The structure of a compressed file – |
---|
Number of unique characters in the input file |
Total number of characters in the input file |
All characters with their binary codes (To be used for decoding) |
Storing binary codes by replacing the characters of the input file one by one |
- The compressed file is opened, and the number of unique characters and the total number of characters in the file are retrieved.
- The characters and their binary codes are then read from the file. We can recreate the Huffman tree using this.
- For each binary code:
- A left edge is created for 0, and a right edge is created for 1.
- Finally, a leaf node is formed and the character is stored within it.
- This is repeated for all characters and binary codes. The Huffman tree is thus recreated in this manner.
- The remaining file is now read bit by bit, and the corresponding 0/1 bit in the tree is traversed.

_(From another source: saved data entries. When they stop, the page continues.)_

theorem mainTheorem1:
  fixes M :: "'a measure" and X :: "('a \<Rightarrow> complex) set"
    and N :: "('a \<Rightarrow> complex) \<Rightarrow> real"
    and \<Omega> :: "('a \<Rightarrow> complex) \<Rightarrow> ('a \<Rightarrow> complex)"
  assumes "sigma_finite_measure M"
    and "koethe_space M X N"
    and "B_convex X N"
    and "hom_quasi_linear M X N \<Omega>"
  shows "U_centralizer M X N \<Omega> \<longleftrightarrow> Linf_centralizer M X N \<Omega>"
  using assms(2,4) U_centralizer_imp_Linf_centralizer Linf_centralizer_imp_U_centralizer by blast

end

The corresponding character is written into the decompressed file as soon as a leaf node is encountered in the tree.
- Step 4 is repeated until the compressed file has been read completely.
In this manner, we recover all of the characters from our input file into a newly decompressed file with no data or quality loss.
Following the steps above, we can compress a text file and then overcome the bigger task of decompressing the file to its original content without any data loss.
O(N * logN) where N is the number of unique characters as an efficient priority queue data structure takes O(logN) time per insertion, a complete binary tree with N leaves has (2*N – 1) nodes.
A text file can be compressed with a ratio greater than 50% (typically 40-45%) and then decompressed without losing a single byte of data.